L’interponente non deve, pertanto, costituire un mero gestore dell’ente collettivo - la cui qualifica rileverebbe ai fini reddituali solo in caso di società di persone interposte, ovvero, in caso di socio, quale maggior reddito da partecipazione e solo ai fini IRPEF - dovendo accertarsi piuttosto che lo stesso disponga delle risorse del soggetto interposto uti dominus, inteso come chi eserciti professionalmente l’indirizzo, il controllo e il coordinamento delle società (cfr., da ultimo, Cass., 3 giugno 2020, n. 10495).
In caso di reddito di impresa deve, quindi, trattarsi di una prova rigorosa, che dimostri il totale asservimento della società interposta all’interponente, tale da dimostrare la relazione di fatto tra l’interponente e la fonte di reddito del soggetto imprenditoriale interposto.
In conclusione, evidenzia la Corte, è nella prova della relazione dell’interponente con la fonte di reddito del soggetto interposto che si risolve la prova del “possesso” del reddito, la quale prescinde dalla natura dell’interposizione (ossia, se l’interposizione possa ricomprendere anche quella reale), atteso che la norma in esame imputa al contribuente i redditi formalmente intestati ad un altro soggetto laddove, in base a presunzioni, egli ne risulti l’effettivo possessore, senza distinguere tra interposizione fittizia e reale (Cass., 29 luglio 2016, n. 15830; Cass., 30 ottobre 2018, n. 27625; Cass., 27 aprile 2021, n. 11055; Cass., 22 giugno 2021, n. 17743).
Applicando tali principi al caso in esame, risultava che, nella specie, le indagini penali avevano accertato che l’attività imprenditoriale di diverse cooperative costruttrici era gestita dal contribuente, già Presidente di una ulteriore cooperativa e di un consorzio, il quale ne svolgeva il ruolo decisionale in relazione ai rapporti commerciali e finanziari.

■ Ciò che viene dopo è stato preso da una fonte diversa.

lemma wmaj_iff_prefix_sums:
  assumes "sorted (rev v)"
  shows "wmaj n v w \<longleftrightarrow> (\<forall>m\<le>n. (\<Sum>i<m. rev (sort w) ! i) \<le> (\<Sum>i<m. v ! i))"
  unfolding wmaj_def sum_dec_entry_prefix rev_sort_eq_self[OF assms]
proof (intro iffI allI impI ballI)
  fix m assume "\<forall>j\<in>{1..n}. (\<Sum>i<j. rev (sort w) ! i) \<le> (\<Sum>i<j. v ! i)" "m \<le> n"
  then show "(\<Sum>i<m. rev (sort w) ! i) \<le> (\<Sum>i<m. v ! i)"
    by (cases "m = 0") auto
qed simp

lemma feasible_iff:
  assumes K: "0 < K" "K \<le> n"
  shows "feasible n K x v \<longleftrightarrow>
    length v = n \<and> sorted (rev v) \<and> (\<forall>i<n. 0 \<le> v ! i) \<and>
    (\<forall>i. K \<le> i \<longrightarrow> i < n \<longrightarrow> v ! i = 0) \<and> wmaj n v (absv x)"
proof
  assume feas: "feasible n K x v"
  then have v: "length v = n" and step: "\<And>i. 1 \<le> i \<Longrightarrow> i < K \<Longrightarrow> v ! i \<le> v ! (i - 1)"
    and last: "0 \<le> v ! (K - 1)" and wm: "wmaj n v (absv x)"
    by (simp_all add: feasible_def)
  have "\<forall>i. K < i \<and> i \<le> n \<longrightarrow> v ! (i - 1) = 0"
    using feas by (simp add: feasible_def)
  then have zero: "v ! i = 0" if "K \<le> i" "i < n" for i
    using that by (metis Suc_le_eq diff_Suc_1 le_imp_less_Suc)
  have sorted: "sorted (rev v)"
    unfolding sorted_rev_iff_nth_Suc
  proof (intro allI impI)
    fix i assume "Suc i < length v"
    then show "v ! Suc i \<le> v ! i"
      using step[of "Suc i"] last zero[of i] zero[of "Suc i"] v
      by (cases "Suc i < K"; cases "Suc i = K") auto
  qed
  have "0 \<le> v ! i" if "i < n" for i
  proof (cases "i < K")
    case True
    then have "i \<le> K - 1" "K - 1 < length v"
      using v K by auto
    then show ?thesis
      using sorted_rev_nth_mono[OF sorted] last by fastforce
  next
    case False
    then show ?thesis using zero that by simp
  qed
  then show "length v = n \<and> sorted (rev v) \<and> (\<forall>i<n. 0 \<le> v ! i) \<and>
      (\<forall>i. K \<le> i \<longrightarrow> i < n \<longrightarrow> v ! i = 0) \<and> wmaj n v (absv x)"
    using v sorted zero wm by blast
next
  assume "length v = n \<and> sorted (rev v) \<and> (\<forall>i<n. 0 \<le> v ! i) \<and>
    (\<forall>i. K \<le> i \<longrightarrow> i < n \<longrightarrow> v ! i = 0) \<and> wmaj n v (absv x)"
  then have v: "length v = n" "sorted (rev v)" "\<And>i. i < n \<Longrightarrow> 0 \<le> v ! i"
    and zero: "\<And>i. K \<le> i \<Longrightarrow> i < n \<Longrightarrow> v ! i = 0" and "wmaj n v (absv x)"
    by simp_all
  moreover have "v ! i \<le> v ! (i - 1)" if "1 \<le> i" "i < K" for i
    using sorted_rev_nth_mono[OF v(2), of "i - 1" i] that K v(1) by simp
  moreover have "v ! (i - 1) = 0" if "K < i \<and> i \<le> n" for i
    using that by (intro zero) auto
  moreover have "0 \<le> v ! (K - 1)"
    using v(3) K by simp
  ultimately show "feasible n K x v"
    unfolding feasible_def by blast
qed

Le indagini avevano del resto anche accertato che il contribuente disponeva di “assegni e fogli firmati in bianco dai legali rappresentanti delle stesse, scegliendo i materiali ed intrattenendo rapporti con i fornitori”, con un quadro indiziario che dimostrava l’assunzione di poteri decisionali, commerciali e bancari da parte di un contribuente che non risultava ricoprire cariche nelle società, per le quali assumeva invece un ruolo decisionale tale da consentirgli di ingerirsi nella gestione e, soprattutto, fruire delle relative risorse finanziarie.
Da tale fatto noto, l’Ufficio aveva pertanto tratto la corretta presunzione del possesso da parte del contribuente dei redditi di impresa delle cooperative, quali soggetti interposti, come conseguenza logica, secondo canoni di probabilità, del fatto che il contribuente si fosse ingerito, uti dominus, nella gestione delle stesse società, esautorando gli amministratori di diritto ed utilizzandone le risorse, compreso il libero utilizzo dei conti correnti.
In conclusione, la Cassazione enuncia quindi il seguente principio di diritto: “in tema di accertamento dei redditi, la norma di cui all’art. 37, terzo comma, d.P.R. n. 600/1973, non distingue tra interposizione fittizia e interposizione reale, nella quale non vi è un accordo simulatorio tra le persone che prendono parte all’atto, ma richiede la prova, anche attraverso presunzioni gravi, precise e concordanti e che possono consistere, in caso di reddito di impresa, anche nella gestione uti dominus dell’impresa, che coinvolga anche le risorse finanziarie del soggetto interposto, che il contribuente sia l’effettivo possessore del reddito del soggetto interposto; spetta, poi, al contribuente dare la prova contraria dell’assenza di interposizione, o della mancata percezione, in tutto o in parte, dei redditi del soggetto interposto”».
La sentenza impugnata non si era attenuta al suddetto principio e pertanto andava cassata.